Ogni cultura, ogni etnia, ogni paese ha dei suoi specifici simboli, sintagmi, espressioni, che sintetizzano e determinano l’immaginario collettivo di quel popolo. Se andate a Omaha, Nebraska, e mettete su un partito con l’immagine del fascio littorio, forse trovate tre adepti e la vostra trovata elettorale non avrà alcun impatto. A loro, quel simbolo, non evoca nulla. Se le stesse persone, con identica argomentazione, una grafica uguale e gli stessi slogan, fanno la stessa cosa a Sarzana o a Reggio Emilia, inevitabilmente ci sarà una reazione distinta. E così via dicendo. Se mettete su un movimento come “occupy wall street” e basate la vostra argomentazione sul principio noto “1% contro il 99%” in un paese, come gli Usa, in cui pagare le tasse è norma consolidata e lo fanno tutti; dove le banche –per tradizione- da novant’anni finanziano imprese e idee; dove i meccanismi di corruzione vengono perseguiti con vigore, e quando qualcuno viene beccato, non esiste patteggiamento, e se gli va bene perché non finisce in galera, sparisce per sempre dalla vita politica; dove esistono forti precedenti di una gestione politica (vedi Roosevelt e Truman) che ha messo le banche e la borsa sotto severissimo controllo, accade che possa accadere ciò che sta accadendo da diverse settimane nella contea di Manhattan, dove un giudice ha messo sotto accusa il colosso finanziario J.P.Morgan il cui management finirà presto alla sbarra, dove il governo e una folta maggioranza parlamentare sta aprendo un incartamento giudiziario sulla bolla esplosa dei mutui nel 2008, ecc. Ma se mettete su lo stesso identico movimento, con le stesse parole d’ordine e con la stessa spinta volitiva, in un paese come l’Arabia Saudita, dopo un giorno finite arrestati, condannati a morte senza processo e fucilati all’alba. Se lo fate in Danimarca o in Svezia, tutta la casa reale scende in campo, e ogni giorno se ne parla in parlamento finchè il governo è costretto a intervenire con appositi dispositivi, leggi, controlli, decisioni.

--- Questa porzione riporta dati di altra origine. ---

lemma feasible_served_exclusively:
  assumes feas: "feasible nI nJ P x y p" and j: "j \<in> {1..nJ}"
    and i: "i \<in> {1..nI}" "x i j = 1" and k: "k \<in> {1..nI}" "k \<noteq> i"
  shows "y k j = 0"
proof -
  have x01: "\<forall>k\<in>{1..nI}. x k j \<in> {0, 1}" and "(\<Sum>k\<in>{1..nI}. x k j) = 1"
    using feas j unfolding feasible_def by auto
  then have "(\<Sum>k\<in>{1..nI}-{i}. x k j) = 0"
    using i by (simp add: sum.remove)
  moreover have "\<forall>k\<in>{1..nI}-{i}. 0 \<le> x k j"
    using x01 by auto
  ultimately have "x k j = 0"
    using k by (subst (asm) sum_nonneg_eq_0_iff) auto
  then show ?thesis
    using feasible_unserved_zero[OF feas k(1) j] by simp
qed

lemma feasible_served_rate:
  assumes "feasible nI nJ P x y p" and "j \<in> {1..nJ}" and "i \<in> {1..nI}" and "x i j = 1"
  shows "rate nI nJ K B g \<sigma>2 y p j = K * B * (y i j * log 2 (1 + sinr nI nJ g \<sigma>2 y p i j))"
  using assms feasible_served_exclusively by (intro rate_single_server) blast+

definition served :: "nat \<Rightarrow> (nat \<Rightarrow> nat \<Rightarrow> real) \<Rightarrow> nat \<Rightarrow> nat set" where
  "served nJ x i = {j\<in>{1..nJ}. x i j = 1}"

lemma feasible_load_eq_served_sum:
  assumes "feasible nI nJ P x y p" and "i \<in> {1..nI}"
  shows "load nJ y i = (\<Sum>j\<in>served nJ x i. y i j)"
  unfolding load_def served_def using assms feasible_unserved_zero
  by (intro sum.mono_neutral_right) auto

lemma feasible_weight_sum_eq_served_sum:
  assumes "feasible nI nJ P x y p" and "i \<in> {1..nI}"
  shows "(\<Sum>l\<in>{1..nJ}. \<omega> l * x i l) = (\<Sum>l\<in>served nJ x i. \<omega> l)"
proof -
  have "\<forall>l\<in>{1..nJ}. x i l \<in> {0, 1}"
    using assms unfolding feasible_def by auto
  then show ?thesis
    unfolding served_def by (intro sum.mono_neutral_cong_right) auto
qed

lemma feasible_sinr_nonneg:
  assumes "feasible nI nJ P x y p" and "i \<in> {1..nI}"
    and "\<sigma>2 > 0" and "\<forall>k\<in>{1..nI}. g k j \<ge> 0"
  shows "sinr nI nJ g \<sigma>2 y p i j \<ge> 0"
proof -
  have nonneg: "\<forall>k\<in>{1..nI}. 0 \<le> load nJ y k \<and> 0 \<le> p k"
    using assms(1) unfolding feasible_def by auto
  then have "(\<Sum>k\<in>{1..nI} - {i}. load nJ y k * p k * g k j) \<ge> 0"
    using assms(4) by (intro sum_nonneg) auto
  then show ?thesis
    unfolding sinr_def using assms nonneg by (auto intro!: divide_nonneg_pos)
qed

lemma exists_feasible_with_positive_rates:
  assumes "nI \<ge> 1" and "nJ \<ge> 1" and "K > 0" and "B > 0" and "\<sigma>2 > 0"
    and "\<forall>j\<in>{1..nJ}. g 1 j > 0" and "\<forall>i\<in>{1..nI}. P i > 0"
  shows "\<exists>x y p. feasible nI nJ P x y p \<and> (\<forall>j\<in>{1..nJ}. rate nI nJ K B g \<sigma>2 y p j > 0)"
proof -
  define x :: "nat \<Rightarrow> nat \<Rightarrow> real" where "x = (\<lambda>i j. if i = 1 then 1 else 0)"
  define y :: "nat \<Rightarrow> nat \<Rightarrow> real" where "y = (\<lambda>i j. if i = 1 then 1 / real nJ else 0)"
  have load_y: "load nJ y k = (if k = 1 then 1 else 0)" for k
    unfolding load_def y_def using assms(2) by auto
  have "feasible nI nJ P x y P"
    unfolding feasible_def load_y using assms(1,2,7) by (auto simp: x_def y_def sum.delta)
  moreover have "rate nI nJ K B g \<sigma>2 y P j > 0" if j: "j \<in> {1..nJ}" for j
  proof -
    have "sinr nI nJ g \<sigma>2 y P 1 j > 0"
      unfolding sinr_def using assms j by (auto simp: load_y)
    moreover have "rate nI nJ K B g \<sigma>2 y P j = K * B * (y 1 j * log 2 (1 + sinr nI nJ g \<sigma>2 y P 1 j))"
      using assms(1) by (intro rate_single_server) (auto simp: y_def)
    ultimately show ?thesis
      using assms(2-4) by (simp add: y_def)
  qed
  ultimately show ?thesis
    by blast
qed

lemma optimal_rate_pos:
  assumes opt: "optimal nI nJ K B g \<sigma>2 \<omega> P x y p"
    and "K > 0" and "B > 0" and "\<sigma>2 > 0" and "\<forall>i\<in>{1..nI}. \<forall>j\<in>{1..nJ}. g i j > 0"
    and \<omega>: "\<forall>j\<in>{1..nJ}. \<omega> j > 0" and "\<forall>i\<in>{1..nI}. P i > 0"
    and j: "j \<in> {1..nJ}"
  shows "rate nI nJ K B g \<sigma>2 y p j > 0"
proof (rule ccontr)
  assume "\<not> ?thesis"
  then have y_minus_inf: "objective nI nJ K B g \<sigma>2 \<omega> y p = -\<infinity>"
    using objective_eq_MInfty[OF \<omega> j] by simp
  have "(\<Sum>i\<in>{1..nI}. x i j) = 1"
    using opt j unfolding optimal_def feasible_def by blast
  then have "nI \<ge> 1"
    by (cases "nI = 0") auto
  then obtain x' y' p' where feas': "feasible nI nJ P x' y' p'"
      and "\<forall>j\<in>{1..nJ}. rate nI nJ K B g \<sigma>2 y' p' j > 0"
    using exists_feasible_with_positive_rates[of nI nJ K B \<sigma>2 g P] assms j by auto
  then have "objective nI nJ K B g \<sigma>2 \<omega> y' p' \<noteq> -\<infinity>"
    by (simp add: objective_eq_sum_log)
  moreover have "objective nI nJ K B g \<sigma>2 \<omega> y' p' \<le> objective nI nJ K B g \<sigma>2 \<omega> y p"
    using opt feas' unfolding optimal_def by blast
  ultimately show False
    using y_minus_inf by simp
qed

definition reassign_row ::
    "nat \<Rightarrow> nat set \<Rightarrow> (nat \<Rightarrow> real) \<Rightarrow> (nat \<Rightarrow> nat \<Rightarrow> real) \<Rightarrow> nat \<Rightarrow> nat \<Rightarrow> real" where
  "reassign_row i S z y = (\<lambda>k j. if k = i \<and> j \<in> S then z j else y k j)"

lemma load_reassign_row:
  assumes "feasible nI nJ P x y p" and "i \<in> {1..nI}"
    and "(\<Sum>j\<in>served nJ x i. z j) = load nJ y i"
  shows "load nJ (reassign_row i (served nJ x i) z y) k = load nJ y k"
proof (cases "k = i")
  case True
  have "load nJ (reassign_row i (served nJ x i) z y) i = (\<Sum>j\<in>served nJ x i. z j)"
    unfolding load_def reassign_row_def served_def using assms(1,2) feasible_unserved_zero
    by (intro sum.mono_neutral_cong_right) auto
  then show ?thesis
    using True assms(3) by simp
qed (simp add: load_def reassign_row_def)

lemma feasible_reassign_row:
  assumes feas: "feasible nI nJ P x y p" and i: "i \<in> {1..nI}"
    and z_nonneg: "\<forall>j\<in>served nJ x i. z j \<ge> 0"
    and z_sum: "(\<Sum>j\<in>served nJ x i. z j) = load nJ y i"
  shows "feasible nI nJ P x (reassign_row i (served nJ x i) z y) p"
proof -
  have "z j \<le> 1" if "j \<in> served nJ x i" for j
  proof -
    have "z j \<le> (\<Sum>j\<in>served nJ x i. z j)"
      using z_nonneg that by (intro member_le_sum) (auto simp: served_def)
    also have "\<dots> \<le> 1"
      using feas i z_sum unfolding feasible_def by auto
    finally show ?thesis .
  qed
  then show ?thesis
    using feas z_nonneg load_reassign_row[OF feas i z_sum]
    unfolding feasible_def reassign_row_def served_def by auto
qed

lemma optimal_served_pos:
  assumes opt: "optimal nI nJ K B g \<sigma>2 \<omega> P x y p"
    and K: "K > 0" and B: "B > 0" and \<sigma>: "\<sigma>2 > 0" and g: "\<forall>i\<in>{1..nI}. \<forall>j\<in>{1..nJ}. g i j > 0"
    and "\<forall>j\<in>{1..nJ}. \<omega> j > 0" and "\<forall>i\<in>{1..nI}. P i > 0"
    and i: "i \<in> {1..nI}" and j: "j \<in> served nJ x i"
  shows "y i j > 0" and "log 2 (1 + sinr nI nJ g \<sigma>2 y p i j) > 0"
proof -
  have feas: "feasible nI nJ P x y p" and j': "j \<in> {1..nJ}" "x i j = 1"
    using opt j unfolding optimal_def served_def by auto
  have "0 < rate nI nJ K B g \<sigma>2 y p j"
    using optimal_rate_pos assms j' by blast
  also have "rate nI nJ K B g \<sigma>2 y p j = K * B * (y i j * log 2 (1 + sinr nI nJ g \<sigma>2 y p i j))"
    by (rule feasible_served_rate[OF feas j'(1) i j'(2)])
  finally have "0 < y i j * log 2 (1 + sinr nI nJ g \<sigma>2 y p i j)"
    using K B by (metis mult_pos_pos zero_less_mult_pos)
  moreover have "0 \<le> y i j"
    using feas i j' unfolding feasible_def by auto
  moreover have "0 \<le> sinr nI nJ g \<sigma>2 y p i j"
    using feasible_sinr_nonneg[OF feas i \<sigma>] g j' by (simp add: less_imp_le)
  ultimately show "y i j > 0" and "log 2 (1 + sinr nI nJ g \<sigma>2 y p i j) > 0"
    by (auto simp: zero_less_mult_iff)
qed

lemma rate_reassign_row:
  assumes feas: "feasible nI nJ P x y p" and i: "i \<in> {1..nI}"
    and z_nonneg: "\<forall>j\<in>served nJ x i. z j \<ge> 0"
    and z_sum: "(\<Sum>j\<in>served nJ x i. z j) = load nJ y i"
    and j: "j \<in> {1..nJ}"
  shows "rate nI nJ K B g \<sigma>2 (reassign_row i (served nJ x i) z y) p j =
           (if j \<in> served nJ x i then K * B * (z j * log 2 (1 + sinr nI nJ g \<sigma>2 y p i j))
            else rate nI nJ K B g \<sigma>2 y p j)"
proof -
  let ?y' = "reassign_row i (served nJ x i) z y"
  have sinr_eq: "sinr nI nJ g \<sigma>2 ?y' p k j = sinr nI nJ g \<sigma>2 y p k j" for k
    using load_reassign_row[OF feas i z_sum] by (intro sinr_load_cong) blast
  show ?thesis
  proof (cases "j \<in> served nJ x i")
    case True
    then have "x i j = 1" and "?y' i j = z j"
      by (simp_all add: served_def reassign_row_def)
    then show ?thesis
      using True feasible_served_rate[OF feasible_reassign_row[OF feas i z_nonneg z_sum] j i]
      by (simp add: sinr_eq)
  next
    case False
    then have "?y' k j = y k j" for k
      by (simp add: reassign_row_def)
    then show ?thesis
      using False unfolding rate_def by (simp add: sinr_eq)
  qed
qed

In Italia, negli ultimi mesi, e soprattutto nelle ultime settimane, si è manifestata l’ennesima finzione italiota, che da surrealismo bello e buono, diventa dramma civile, sociale e collettivo, perché è praticamente impossibile denunciare che è un falso.
Perché ciò che oggi in Italia esiste è, mi ripeto, la traduzione di mode importate, riadattate e applicate nel tessuto italiano in modo rassicurante, a garanzia che nulla verrà cambiato mai, che non ci sarà nessuna modificazione.
L’Italia è un paese antico ed è vero.
Non siamo come il Qatar che è stato inventato a tavolino dalla Gran Bretagna nel 1970, o come la Giordania dove inglesi, americani, francesi e tedeschi hanno preso uno qualunque e gli hanno detto “da domani tu se il re e questo è il tuo popolo”.
Non siamo neppure come gli Usa, una gigantesca ed efficiente confederazione, vero e proprio laboratorio dinamico umano e fucina di idee e di innovazioni, il cui principale collante storico, per ovvi motivi, è sempre stato il business.
Si può discutere per ore e decenni sulla solita storiella che siamo soltanto una espressione geografica, perché gli italiani non sono stati mai fatti ma questa, è ormai un’argomentazione obsoleta e non corrisponde affatto alla realtà dei fatti sociali, psicologici, legali ed esistenziali.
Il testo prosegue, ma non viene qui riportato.